• **TASK OBJECTIVE**
Go through the records line by line and work out how many lines hold the word "assms". Answer with the number only.

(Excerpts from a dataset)
------

theorem proposition4p1:
  fixes G D :: "(complex^'n^'n) set"
    and \<rho> :: "complex^'n^'n \<Rightarrow> complex^'r^'r"
  assumes "algebraic_group G"
    and "irreducible_variety G"
    and "matrix_subgroup D" and "D \<subseteq> G"
    and "zariski_closure D = G"
    and "rational_rep G \<rho>"
    and "\<forall>d\<in>D. \<forall>i j. \<rho> d $ i $ j \<in> \<int>"
  shows "subgroup_displacement D \<rho> (frakX G \<rho>)"
  unfolding subgroup_displacement_def
proof (intro allI impI)
  fix B X :: "(int^'r) set"
  assume rank: "int_rank B < CARD('r)" and fin: "finite X" and X: "X \<subseteq> frakX G \<rho>"
  have G_subgroup: "matrix_subgroup G"
    using assms(1) unfolding algebraic_group_def by blast
  then have G_GL: "G \<subseteq> GL"
    unfolding matrix_subgroup_def by blast
  obtain c where "c \<noteq> 0" and c: "\<And>y. y \<in> emb ` B \<Longrightarrow> linear_form c y = 0"
    using exists_linear_form_vanishing[OF span_emb_neq_UNIV[OF rank]] by blast
  show "\<exists>g\<in>D. \<forall>b\<in>B. \<forall>x\<in>X. \<rho> g *v emb b \<noteq> emb x"
  proof (rule ccontr)
    assume "\<not> ?thesis"
    then have "\<forall>g\<in>D. \<exists>y\<in>emb ` B. \<rho> g *v y \<in> emb ` X"
      by blast
    then obtain x where "x \<in> X" "\<forall>g\<in>G. linear_form c (\<rho> g *v emb x) = 0"
      using not_displaced_imp_orbit_annihilated[OF assms(2) G_GL assms(6,3,4,5) finite_imageI[OF fin]] c
      by blast
    then have "c = 0"
      using frakX_orbit_not_annihilated[OF G_subgroup assms(6)] X by blast
    with \<open>c \<noteq> 0\<close> show False
      by contradiction
  qed
qed

end
lemma admissible_G_lower_bound:
  assumes adm: "admissible v dv phi dphi" and "0 \<le> \<delta>"
  shows "1/2 * integral {0..1} (\<lambda>x. (dv x)\<^sup>2) + 1/(4*\<epsilon>\<^sup>2) * integral {0..1} (\<lambda>x. (1 - (v x)\<^sup>2)\<^sup>2)
           - \<kappa>\<^sup>2 / 2 \<le> G \<epsilon> \<delta> \<kappa> v dv phi dphi"
proof -
  have H1: "H1_01 v dv" using adm unfolding admissible_def by blast
  have "continuous_on {0..1} (\<lambda>x. (1 - (v x)\<^sup>2)\<^sup>2)"
    by (intro continuous_intros H1_01_continuous_on[OF H1])
  then have W: "(LINT x:{0..1}|lborel. (1 - (v x)\<^sup>2)\<^sup>2) = integral {0..1} (\<lambda>x. (1 - (v x)\<^sup>2)\<^sup>2)"
    by (intro set_borel_integral_eq_integral(2) borel_integrable_atLeastAtMost')
  have "0 \<le> \<delta>/(8*\<epsilon>\<^sup>2) * (LINT x:nonzero_set v|lborel. (v x)^4 * (sin (phi x))\<^sup>2)"
    using \<open>0 \<le> \<delta>\<close> by (intro mult_nonneg_nonneg set_integral_nonneg_real) auto
  then show ?thesis
    using admissible_phase_energy_lower_bound[OF adm, of \<kappa>]
    unfolding G_def W H1_01_integrable(3)[OF H1, symmetric] by linarith
qed

lemma admissible_one:
  "admissible (\<lambda>_. 1) (\<lambda>_. 0) (\<lambda>_. 0) (\<lambda>_. 0)"
proof -
  have "(LINT (x::real):{0..1}|lborel. 1) = (1::real)"
    using set_borel_integral_eq_integral(2)[OF borel_integrable_atLeastAtMost'[of 0 1 "\<lambda>x. 1::real"]]
    by simp
  then show ?thesis
    unfolding admissible_def H1_01_def H1_on_def by (simp add: set_integrable_def)
qed

lemma G_one: "G \<epsilon> \<delta> \<kappa> (\<lambda>_. 1) (\<lambda>_. 0) (\<lambda>_. 0) (\<lambda>_. 0) = 0"
  unfolding G_def by simp
theorem lemma2:
  fixes I :: "'a set" and N :: nat and \<beta> :: real
    and u u' u'' :: "'a \<Rightarrow> nat \<Rightarrow> real \<Rightarrow> real"
    and \<omega> :: "'a \<Rightarrow> nat \<Rightarrow> real"
    and pb :: "nat \<Rightarrow> real" and xb :: "'a \<Rightarrow> nat \<Rightarrow> real"
  assumes fin: "finite I"
    and beta: "0 < \<beta>" "\<beta> < 1"
    and endow: "\<forall>i\<in>I. \<forall>n\<le>N. 0 \<le> \<omega> i n"
    and d1: "\<forall>i\<in>I. \<forall>n\<le>N. \<forall>x>0. (u i n has_real_derivative u' i n x) (at x)"
    and d2: "\<forall>i\<in>I. \<forall>n\<le>N. \<forall>x>0. (u' i n has_real_derivative u'' i n x) (at x)"
    and c2: "\<forall>i\<in>I. \<forall>n\<le>N. continuous_on {0<..} (u'' i n)"
    and pos: "\<forall>i\<in>I. \<forall>n\<le>N. \<forall>x>0. u' i n x > 0"
    and conc: "\<forall>i\<in>I. \<forall>n\<le>N. \<forall>x>0. u'' i n x < 0"
    and inada: "\<forall>i\<in>I. \<forall>n\<le>N. filterlim (u' i n) at_top (at_right 0)"
    and eq: "competitive_equilibrium N \<beta> I u \<omega> pb xb"
  shows "\<forall>i\<in>I. \<forall>m\<in>{1..N}. \<forall>n\<in>{1..N}.
    (let r = (\<lambda>k. u' i k (xb i k) / (- u'' i k (xb i k)));
         R = r 0 + (\<Sum>k=1..N. pb k * r k);
         S = r m * r n / R - (if m = n then r n / pb n else 0);
         M = r n / R * (\<omega> i m - xb i m)
     in ((\<lambda>t. demand N \<beta> (u i) (\<omega> i) (pb(m := t)) n) has_real_derivative (S + M)) (at (pb m)))"
proof (intro ballI)
  fix i m n assume i: "i \<in> I" and m: "m \<in> {1..N}" and n: "n \<in> {1..N}"
  interpret consumer N \<beta> "u i" "u' i" "u'' i"
    using beta(1) d1 d2 pos conc i by unfold_locales auto
  have p: "\<forall>k\<in>{1..N}. 0 < pb k" and dem: "is_demand N \<beta> (u i) (\<omega> i) pb (xb i)"
    using eq i unfolding competitive_equilibrium_def by auto
  show "let r = (\<lambda>k. u' i k (xb i k) / (- u'' i k (xb i k)));
         R = r 0 + (\<Sum>k=1..N. pb k * r k);
         S = r m * r n / R - (if m = n then r n / pb n else 0);
         M = r n / R * (\<omega> i m - xb i m)
     in ((\<lambda>t. demand N \<beta> (u i) (\<omega> i) (pb(m := t)) n) has_real_derivative (S + M)) (at (pb m))"
    using demand_has_price_derivative[OF dem p m n]
    unfolding Let_def risk_tolerance_def sum_price_vector by simp
qed

end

------

• **EXPECTED OUTPUT**
3